REQUIREMENT. Print nothing but the lines below starting at the line that holds "using gam_N gam_Suc[of" and ending at the line that holds "unfolding lam_sum[symmetric] using", including both, each exactly as written.

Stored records
----

lemma quasi_multiplicative:
  obtains Q where "Q > 0" "\<And>u a w. set u \<subseteq> {..<N} \<Longrightarrow> a < N \<Longrightarrow> set w \<subseteq> {..<N} \<Longrightarrow>
      opnorm (word_mat A u) * opnorm (word_mat A w) \<le> Q * opnorm (word_mat A (u @ a # w))"
proof -
  obtain c where c: "c > 0"
    "\<And>B x. \<forall>w\<in>cone. B *v w \<in> cone \<Longrightarrow> x \<in> cone_core \<Longrightarrow> opnorm B \<le> c * norm (B *v x)"
    using opnorm_le_cone_core by blast
  have word: "opnorm (word_mat A w) \<le> c * norm (word_mat A w *v x)"
    if "set w \<subseteq> {..<N}" "x \<in> cone_core" for w x
    using c(2) word_mat_mem_cone that by blast
  obtain K where K: "K > 0" "\<And>j z. j < N \<Longrightarrow> norm z \<le> K * norm (A j *v z)"
    using uniform_inverse_bound by blast
  obtain x0 where x0: "x0 \<in> cone_core" using cone_core_nonempty by blast
  have "opnorm (word_mat A u) * opnorm (word_mat A w) \<le> (c * c * K) * opnorm (word_mat A (u @ a # w))"
    if u: "set u \<subseteq> {..<N}" and a: "a < N" and w: "set w \<subseteq> {..<N}" for u a w
  proof -
    define z where "z = word_mat A w *v x0"
    have "z \<in> cone" unfolding z_def using word_mat_mem_cone[OF w] cone_core_subset x0 by auto
    then have "A a *v z \<in> cone" using a by (rule A_mem_cone)
    then have Az: "A a *v z \<noteq> 0" using zero_notin_cone by auto
    define x1 where "x1 = (1 / norm (A a *v z)) *\<^sub>R (A a *v z)"
    have "x1 \<in> cone_core" unfolding x1_def using normalized_A_mem_cone_core[OF \<open>z \<in> cone\<close> a] .
    then have "opnorm (word_mat A u) * norm (A a *v z) \<le> c * norm (word_mat A u *v x1) * norm (A a *v z)"
      using word[OF u] by (simp add: mult_right_mono)
    also have "\<dots> = c * norm (word_mat A (u @ a # w) *v x0)"
      using Az by (simp add: x1_def z_def matrix_vector_mult_scaleR word_mat_append matrix_vector_mul_assoc)
    also have "\<dots> \<le> c * opnorm (word_mat A (u @ a # w))"
      using opnorm_mult_le[of _ x0] norm_cone_core[OF x0] c(1) by simp
    finally have left: "opnorm (word_mat A u) * norm (A a *v z) \<le> c * opnorm (word_mat A (u @ a # w))" .
    have "opnorm (word_mat A w) \<le> c * norm z" using word[OF w x0] by (simp add: z_def)
    also have "\<dots> \<le> c * K * norm (A a *v z)" using K(2)[OF a, of z] c(1) by (simp add: mult.assoc)
    finally have "opnorm (word_mat A u) * opnorm (word_mat A w) \<le> opnorm (word_mat A u) * (c * K * norm (A a *v z))"
      using opnorm_nonneg[of "word_mat A u"] by (rule mult_left_mono)
    also have "\<dots> = c * K * (opnorm (word_mat A u) * norm (A a *v z))" by simp
    also have "\<dots> \<le> c * K * (c * opnorm (word_mat A (u @ a # w)))"
      using left c(1) K(1) by (intro mult_left_mono) auto
    finally show ?thesis by (simp add: algebra_simps)
  qed
  moreover have "c * c * K > 0" using c(1) K(1) by simp
  ultimately show ?thesis using that by blast
qed

end

section \<open>Cylinders of the parametrisation\<close>

fun cyl_map :: "(nat \<Rightarrow> real) \<Rightarrow> nat list \<Rightarrow> real \<Rightarrow> real" where
  "cyl_map lam [] s = s"
| "cyl_map lam (j # w) s = lam j * cyl_map lam w s + gam lam j"

definition cyl_len :: "(nat \<Rightarrow> real) \<Rightarrow> nat list \<Rightarrow> real" where
  "cyl_len lam w = prod_list (map lam w)"

definition cylinder :: "(nat \<Rightarrow> real) \<Rightarrow> nat list \<Rightarrow> real set" where
  "cylinder lam w = cyl_map lam w ` {0..1}"

lemma cyl_len_Nil [simp]: "cyl_len lam [] = 1"
  and cyl_len_Cons [simp]: "cyl_len lam (j # w) = lam j * cyl_len lam w"
  by (auto simp: cyl_len_def)

lemma cyl_len_append: "cyl_len lam (w @ w') = cyl_len lam w * cyl_len lam w'"
  by (simp add: cyl_len_def)

lemma cyl_len_replicate: "cyl_len lam (replicate m j) = lam j ^ m"
  by (simp add: cyl_len_def)

lemma cyl_len_prefix_word: "cyl_len lam (prefix_word ii n) = (\<Prod>k<n. lam (ii k))"
  by (induction n) (simp_all add: prefix_word_Suc cyl_len_append)

lemma cyl_map_affine: "cyl_map lam w s = cyl_len lam w * s + cyl_map lam w 0"
  by (induction w) (auto simp: algebra_simps)

lemma cyl_map_append: "cyl_map lam (w @ w') s = cyl_map lam w (cyl_map lam w' s)"
  by (induction w) auto

lemma cyl_map_replicate_0: "cyl_map lam (replicate m 0) s = lam 0 ^ m * s"
  by (induction m) (auto simp: gam_def)

lemma cylinder_eq_interval:
  "cyl_len lam w \<ge> 0 \<Longrightarrow> cylinder lam w = {cyl_map lam w 0 .. cyl_map lam w 1}"
proof -
  have "cylinder lam w = (\<lambda>s. cyl_len lam w * s + cyl_map lam w 0) ` {0..1}"
    unfolding cylinder_def by (rule arg_cong[where f = "\<lambda>f. f ` {0..1}"]) (rule ext, rule cyl_map_affine)
  then show "cyl_len lam w \<ge> 0 \<Longrightarrow> ?thesis"
    using cyl_map_affine[of lam w 1] by (simp add: image_affinity_atLeastAtMost)
qed

lemma gam_Suc: "gam lam (Suc j) = gam lam j + lam j"
  by (simp add: gam_def)

locale weights =
  fixes N :: nat and lam :: "nat \<Rightarrow> real"
  assumes N_ge2: "N \<ge> 2"
    and lam_pos: "\<forall>i<N. lam i > 0"
    and lam_sum: "(\<Sum>i<N. lam i) = 1"
begin

abbreviation flip :: "nat \<Rightarrow> nat" where
  "flip j \<equiv> N - 1 - j"

lemma gam_N: "gam lam N = 1"
  using lam_sum by (simp add: gam_def)

lemma gam_mono: "j \<le> k \<Longrightarrow> k \<le> N \<Longrightarrow> gam lam j \<le> gam lam k"
  unfolding gam_def using lam_pos by (intro sum_mono2) (auto intro: less_imp_le)

lemma gam_nonneg: "j \<le> N \<Longrightarrow> gam lam j \<ge> 0"
  using gam_mono[of 0 j] by (simp add: gam_def)

lemma gam_add_lam_le_1: "j < N \<Longrightarrow> gam lam j + lam j \<le> 1"
  using gam_mono[of "Suc j" N] gam_N by (simp add: gam_Suc)

lemma gam_add_lam_last: "gam lam (N - 1) + lam (N - 1) = 1"
  using gam_N gam_Suc[of lam "N - 1"] N_ge2 by (simp add: Suc_diff_Suc numeral_2_eq_2)

lemma lam_lt_1: "j < N \<Longrightarrow> lam j < 1"
proof -
  assume j: "j < N"
  obtain k where k: "k < N" "k \<noteq> j"
    using N_ge2 by (metis One_nat_def less_2_cases_iff not_less_eq order_less_le_trans zero_neq_one)
  have "lam j + lam k = (\<Sum>i\<in>{j, k}. lam i)" using k by simp
  also have "\<dots> \<le> 1"
    unfolding lam_sum[symmetric] using lam_pos j k by (intro sum_mono2) (auto intro: less_imp_le)
  finally show ?thesis using lam_pos k by auto
qed

lemma cyl_len_pos: "set w \<subseteq> {..<N} \<Longrightarrow> cyl_len lam w > 0"
  by (induction w) (use lam_pos in auto)

lemma cylinder_interval: "set w \<subseteq> {..<N} \<Longrightarrow> cylinder lam w = {cyl_map lam w 0 .. cyl_map lam w 1}"
  using cyl_len_pos by (intro cylinder_eq_interval less_imp_le)

lemma cyl_map_mem_unit: "set w \<subseteq> {..<N} \<Longrightarrow> s \<in> {0..1} \<Longrightarrow> cyl_map lam w s \<in> {0..1}"
proof (induction w)
  case (Cons j w)
  then have "j < N" and g: "cyl_map lam w s \<in> {0..1}" by auto
  then have "0 \<le> lam j * cyl_map lam w s" "lam j * cyl_map lam w s \<le> lam j"
    using lam_pos by (auto intro: mult_left_le)
  then show ?case using gam_add_lam_le_1[OF \<open>j < N\<close>] gam_nonneg[of j] \<open>j < N\<close> by auto
qed simp

lemma cylinder_append_subset:
  assumes "set w' \<subseteq> {..<N}"
  shows "cylinder lam (w @ w') \<subseteq> cylinder lam w"
  using cyl_map_mem_unit[OF assms] unfolding cylinder_def by (auto simp: cyl_map_append)

lemma cyl_map_replicate_last: "cyl_map lam (replicate k (N - 1)) 1 = 1"
  using gam_add_lam_last by (induction k) auto

lemma cyl_map_last_run: "cyl_map lam (w @ a # replicate k (N - 1)) 1 = cyl_map lam (w @ [Suc a]) 0"
  using cyl_map_replicate_last[of k] by (simp add: cyl_map_append gam_Suc add.commute)

definition lam_min :: real where
  "lam_min = Min (lam ` {..<N})"

definition lam_max :: real where
  "lam_max = Max (lam ` {..<N})"

lemma lessThan_N_nonempty: "{..<N} \<noteq> {}"
  using N_ge2 by (auto simp: lessThan_empty_iff)

lemma lam_min_pos: "lam_min > 0"
  unfolding lam_min_def using lam_pos lessThan_N_nonempty by (subst Min_gr_iff) auto

lemma lam_min_le: "j < N \<Longrightarrow> lam_min \<le> lam j"
  unfolding lam_min_def by auto

lemma lam_min_le_1: "lam_min \<le> 1"
  using lam_min_le[of 0] lam_lt_1[of 0] N_ge2 by auto

lemma lam_max_lt_1: "lam_max < 1"
  unfolding lam_max_def using lam_lt_1 lessThan_N_nonempty by (subst Max_less_iff) auto

lemma lam_max_pos: "lam_max > 0"
proof -
  have "lam 0 \<le> lam_max" unfolding lam_max_def using N_ge2 by (intro Max_ge) auto
  then show ?thesis using lam_pos N_ge2 by force
qed

lemma lam_min_sq_le_lam_mult: "j < N \<Longrightarrow> k < N \<Longrightarrow> lam_min\<^sup>2 \<le> lam j * lam k"
  using lam_min_le[of j] lam_min_le[of k] lam_min_pos by (simp add: power2_eq_square mult_mono)

lemma div_lam_mult_le_div_lam_min_sq: "0 \<le> d \<Longrightarrow> j < N \<Longrightarrow> k < N \<Longrightarrow> d / (lam j * lam k) \<le> d / lam_min\<^sup>2"
  using lam_min_sq_le_lam_mult lam_min_pos lam_pos by (intro divide_left_mono) (auto intro!: mult_pos_pos)

lemma div_lam_le_div_lam_min_sq:
  assumes "0 \<le> d" "j < N"
  shows "d / lam j \<le> d / lam_min\<^sup>2"
proof -
  have "lam_min\<^sup>2 \<le> lam_min"
    using lam_min_pos lam_min_le_1 mult_left_le_one_le[of lam_min lam_min] by (simp add: power2_eq_square)
  also have "\<dots> \<le> lam j" using assms(2) by (rule lam_min_le)
  finally show ?thesis using assms lam_min_pos lam_pos by (intro divide_left_mono) auto
qed

lemma cyl_len_le_lam_max_power: "set w \<subseteq> {..<N} \<Longrightarrow> cyl_len lam w \<le> lam_max ^ length w"
proof (induction w)
  case (Cons j w)
  then have "lam j \<le> lam_max" unfolding lam_max_def by auto
  moreover have "0 \<le> cyl_len lam w" using Cons cyl_len_pos[of w] by simp
  ultimately show ?case using Cons lam_max_pos by (auto intro: mult_mono less_imp_le)
qed simp

lemma exists_zero_run_cylinder:
  assumes w: "set w \<subseteq> {..<N}" and y: "cyl_map lam w 0 < y" "y \<le> cyl_map lam w 1"
  obtains m where "y \<in> cylinder lam (w @ replicate m 0)"
    "cyl_len lam w * lam 0 ^ Suc m < y - cyl_map lam w 0"
proof -
  define s where "s = (y - cyl_map lam w 0) / cyl_len lam w"
  have len: "cyl_len lam w > 0" using cyl_len_pos[OF w] .
  have y_eq: "y = cyl_map lam w s"
    using len cyl_map_affine[of lam w s] by (simp add: s_def)
  have "0 < s" "s \<le> 1" using y len cyl_map_affine[of lam w 1] by (auto simp: s_def field_simps)
  moreover have lam0: "0 < lam 0" "lam 0 < 1" using lam_pos lam_lt_1 N_ge2 by auto
  ultimately obtain m where m: "lam 0 ^ Suc m < s" "s \<le> lam 0 ^ m"
    using exists_power_bracket by metis
  have "y = cyl_map lam (w @ replicate m 0) (s / lam 0 ^ m)"
    using y_eq lam0 by (simp add: cyl_map_append cyl_map_replicate_0)
  moreover have "s / lam 0 ^ m \<in> {0..1}" using m \<open>0 < s\<close> lam0 by auto
  ultimately have "y \<in> cylinder lam (w @ replicate m 0)" unfolding cylinder_def by blast
  moreover have "cyl_len lam w * lam 0 ^ Suc m < y - cyl_map lam w 0"
    using m(1) len by (simp add: s_def field_simps)
  ultimately show ?thesis using that by blast
qed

----

SOLVED EXERCISE.
  using gam_N gam_Suc[of lam "N - 1"] N_ge2 by (simp add: Suc_diff_Suc numeral_2_eq_2)

lemma lam_lt_1: "j < N \<Longrightarrow> lam j < 1"
proof -
  assume j: "j < N"
  obtain k where k: "k < N" "k \<noteq> j"
    using N_ge2 by (metis One_nat_def less_2_cases_iff not_less_eq order_less_le_trans zero_neq_one)
  have "lam j + lam k = (\<Sum>i\<in>{j, k}. lam i)" using k by simp
  also have "\<dots> \<le> 1"
    unfolding lam_sum[symmetric] using lam_pos j k by (intro sum_mono2) (auto intro: less_imp_le)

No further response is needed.